> _ABOUT THIS TASK_: Scan the records for the string "blast"; copy each line where it occurs.

(Stored entries)
lemma ideal_vertex_is_unary_code:
  assumes ideal: "unary_ideal n d p m A rhs" and u: "is_vertex relax u"
  shows "fst u \<in> feasible" and "is_unary_code u"
proof -
  have u_relax: "u \<in> relax" using u unfolding is_vertex_def by simp
  have step: "\<exists>J\<le>d i. \<forall>q. unary_interp (d i) q (snd u i) = q J" if i: "i < n" for i
  proof -
    have "\<forall>j\<in>{1..d i}. snd u i j \<in> {0, 1}"
      using ideal u i unfolding unary_ideal_def by blast
    moreover have "\<forall>j. 1 \<le> j \<and> j < d i \<longrightarrow> snd u i (Suc j) \<le> snd u i j"
      using u_relax i unfolding unary_relax_def by auto
    ultimately obtain J where "J \<le> d i" "\<forall>j\<in>{1..d i}. snd u i j = (if j \<le> J then 1 else 0)"
      by (rule binary_descending_chain_is_step)
    then show ?thesis using unary_interp_step by blast
  qed
  have fst_u: "fst u i = unary_interp (d i) (p i) (snd u i)" if "i < n" for i
    using u_relax that unfolding unary_relax_def unary_interp_def by auto
  show "is_unary_code u"
  proof (unfold is_unary_code_def, intro allI impI)
    fix i q assume "i < n"
    then obtain J where "\<forall>q. unary_interp (d i) q (snd u i) = q J" using step by blast
    then show "unary_interp (d i) (\<lambda>j. q (p i j)) (snd u i) = q (fst u i)"
      using fst_u[OF \<open>i < n\<close>] by simp
  qed
  have "\<forall>i<n. \<exists>j\<le>d i. fst u i = p i j"
    using step fst_u by metis
  then have "fst u \<in> grid n d p"
    using u_relax unfolding grid_def unary_relax_def by auto
  moreover have "fst u \<in> polyP n m A rhs"
    using u_relax unfolding unary_relax_def polyP_def by auto
  ultimately show "fst u \<in> feasible" by simp
qed

lemma feasible_has_unary_code:
  assumes x: "x \<in> feasible"
  obtains z where "(x, z) \<in> relax" and "is_unary_code (x, z)"
proof -
  have "\<forall>i<n. \<exists>j. j \<le> d i \<and> x i = p i j" using x unfolding grid_def by auto
  then obtain J where J: "\<forall>i<n. J i \<le> d i \<and> x i = p i (J i)" by metis
  define z where "z i j = (if i < n \<and> 1 \<le> j \<and> j \<le> J i then 1 else 0 :: real)" for i j
  have interp_z: "unary_interp (d i) q (z i) = q (J i)" if "i < n" for i q
    using J that by (intro unary_interp_step) (auto simp: z_def)
  have "(x, z) \<in> relax"
    unfolding unary_relax_def
  proof (clarify, intro conjI)
    show "\<forall>k<m. rhs k \<le> (\<Sum>i<n. A k i * x i)" using x unfolding polyP_def by auto
    show "\<forall>i<n. x i = p i 0 + (\<Sum>j=1..d i. (p i j - p i (j - 1)) * z i j)"
      using interp_z J unfolding unary_interp_def by simp
    show "\<forall>i<n. z i 1 \<le> 1 \<and> (\<forall>j. 1 \<le> j \<and> j < d i \<longrightarrow> z i (Suc j) \<le> z i j) \<and> 0 \<le> z i (d i)"
      unfolding z_def by auto
    show "\<forall>i\<ge>n. x i = 0" using x unfolding grid_def by auto
    show "\<forall>i j. n \<le> i \<or> j = 0 \<or> d i < j \<longrightarrow> z i j = 0"
      using J unfolding z_def by fastforce
  qed
  moreover have "is_unary_code (x, z)"
    unfolding is_unary_code_def using interp_z J by simp
  ultimately show ?thesis using that by blast
qed

end

section \<open>The Charnes-Cooper transformation\<close>

locale fractional_unary_program = unary_binarization +
  fixes b0 :: real and b :: "nat \<Rightarrow> real" and f :: "nat \<Rightarrow> real \<Rightarrow> real"
begin

abbreviation lp where "lp \<equiv> lp_feasible n d p m A rhs b0 b f"

definition separable_form :: "real \<Rightarrow> (nat \<Rightarrow> real) \<Rightarrow> (nat \<Rightarrow> real) \<Rightarrow> real" where
  "separable_form c0 c x = c0 + (\<Sum>i<n. c i * f i (x i))"

definition lifted_form :: "real \<Rightarrow> (nat \<Rightarrow> real) \<Rightarrow> (nat \<Rightarrow> real) \<times> (nat \<Rightarrow> nat \<Rightarrow> real) \<Rightarrow> real" where
  "lifted_form c0 c v = c0 + (\<Sum>i<n. c i * unary_interp (d i) (\<lambda>j. f i (p i j)) (snd v i))"

lemma separable_form_cong: "(\<And>i. i < n \<Longrightarrow> x i = x' i) \<Longrightarrow> separable_form c0 c x = separable_form c0 c x'"
  unfolding separable_form_def by (metis (no_types, lifting) lessThan_iff sum.cong)

lemma lifted_form_unary_code: "is_unary_code v \<Longrightarrow> lifted_form c0 c v = separable_form c0 c (fst v)"
  unfolding is_unary_code_def lifted_form_def separable_form_def by simp

lemma affine_functional_lifted_form: "affine_functional (lifted_form c0 c)"
proof (unfold affine_functional_def, intro allI)
  fix u w :: "(nat \<Rightarrow> real) \<times> (nat \<Rightarrow> nat \<Rightarrow> real)" and t :: real
  let ?I = "\<lambda>i v. unary_interp (d i) (\<lambda>j. f i (p i j)) (snd v i)"
  have "?I i ((1 - t) *\<^sub>R u + t *\<^sub>R w) = (1 - t) * ?I i u + t * ?I i w" for i
    by (simp add: unary_interp_affine)
  then have "(\<Sum>i<n. c i * ?I i ((1 - t) *\<^sub>R u + t *\<^sub>R w)) =
             (1 - t) * (\<Sum>i<n. c i * ?I i u) + t * (\<Sum>i<n. c i * ?I i w)"
    by (simp add: sum.distrib sum_distrib_left distrib_left mult.left_commute)
  then show "lifted_form c0 c ((1 - t) *\<^sub>R u + t *\<^sub>R w) = (1 - t) * lifted_form c0 c u + t * lifted_form c0 c w"
    unfolding lifted_form_def by (simp add: algebra_simps)
qed

definition charnes_cooper ::
  "real \<Rightarrow> (nat \<Rightarrow> real) \<times> (nat \<Rightarrow> nat \<Rightarrow> real) \<Rightarrow> real \<times> (nat \<Rightarrow> real) \<times> (nat \<Rightarrow> nat \<Rightarrow> real) \<times> (nat \<Rightarrow> real)"
where
  "charnes_cooper \<rho> v = (\<rho>, \<lambda>i. \<rho> * unary_interp (d i) (\<lambda>j. f i (p i j)) (snd v i), \<lambda>i j. \<rho> * snd v i j, \<lambda>i. \<rho> * fst v i)"

lemma lp_obj_charnes_cooper: "lp_obj n a0 a (charnes_cooper \<rho> v) = \<rho> * lifted_form a0 a v"
  unfolding lp_obj_def charnes_cooper_def lifted_form_def
  by (simp add: algebra_simps sum_distrib_left)

lemma charnes_cooper_in_lp:
  assumes v: "v \<in> relax" and "0 < \<rho>" and normalized: "\<rho> * lifted_form b0 b v = 1"
  shows "charnes_cooper \<rho> v \<in> lp"
proof -
  have x_v: "\<forall>i<n. fst v i = unary_interp (d i) (p i) (snd v i)"
    and rows: "\<forall>k<m. rhs k \<le> (\<Sum>i<n. A k i * fst v i)"
    and chain: "\<forall>i<n. snd v i 1 \<le> 1 \<and> (\<forall>j. 1 \<le> j \<and> j < d i \<longrightarrow> snd v i (Suc j) \<le> snd v i j) \<and> 0 \<le> snd v i (d i)"
    using v unfolding unary_relax_def unary_interp_def by auto
  have row_scaled: "rhs k * \<rho> \<le> (\<Sum>i<n. A k i * (\<rho> * fst v i))" if "k < m" for k
  proof -
    have "rhs k * \<rho> \<le> (\<Sum>i<n. A k i * fst v i) * \<rho>"
      using rows that \<open>0 < \<rho>\<close> by (simp add: mult_right_mono)
    also have "\<dots> = (\<Sum>i<n. A k i * (\<rho> * fst v i))"
      by (simp add: sum_distrib_left sum_distrib_right mult_ac)
    finally show ?thesis .
  qed
  show ?thesis
    unfolding lp_feasible_def charnes_cooper_def
  proof (clarify, intro conjI)
    show "b0 * \<rho> + (\<Sum>i<n. b i * (\<rho> * unary_interp (d i) (\<lambda>j. f i (p i j)) (snd v i))) = 1"
      using normalized unfolding lifted_form_def by (simp add: algebra_simps sum_distrib_left)
    show "\<forall>i<n. \<rho> * unary_interp (d i) (\<lambda>j. f i (p i j)) (snd v i) =
        f i (p i 0) * \<rho> + (\<Sum>j=1..d i. (f i (p i j) - f i (p i (j - 1))) * (\<rho> * snd v i j))"
      by (simp add: unary_interp_scale)
    show "\<forall>i<n. \<rho> * snd v i 1 \<le> \<rho> \<and> (\<forall>j. 1 \<le> j \<and> j < d i \<longrightarrow> \<rho> * snd v i (Suc j) \<le> \<rho> * snd v i j) \<and>
        0 \<le> \<rho> * snd v i (d i)"
      using chain \<open>0 < \<rho>\<close> by simp
    show "\<forall>k<m. rhs k * \<rho> \<le> (\<Sum>i<n. A k i * (\<rho> * fst v i))"
      using row_scaled by blast
    show "\<forall>i<n. \<rho> * fst v i = p i 0 * \<rho> + (\<Sum>j=1..d i. (p i j - p i (j - 1)) * (\<rho> * snd v i j))"
      using x_v by (simp add: unary_interp_scale)
  qed
qed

> _RESULT FOR THIS TASK_:
      using ideal u i unfolding unary_ideal_def by blast
    then show ?thesis using unary_interp_step by blast
    then obtain J where "\<forall>q. unary_interp (d i) q (snd u i) = q J" using step by blast
  ultimately show ?thesis using that by blast
      using row_scaled by blast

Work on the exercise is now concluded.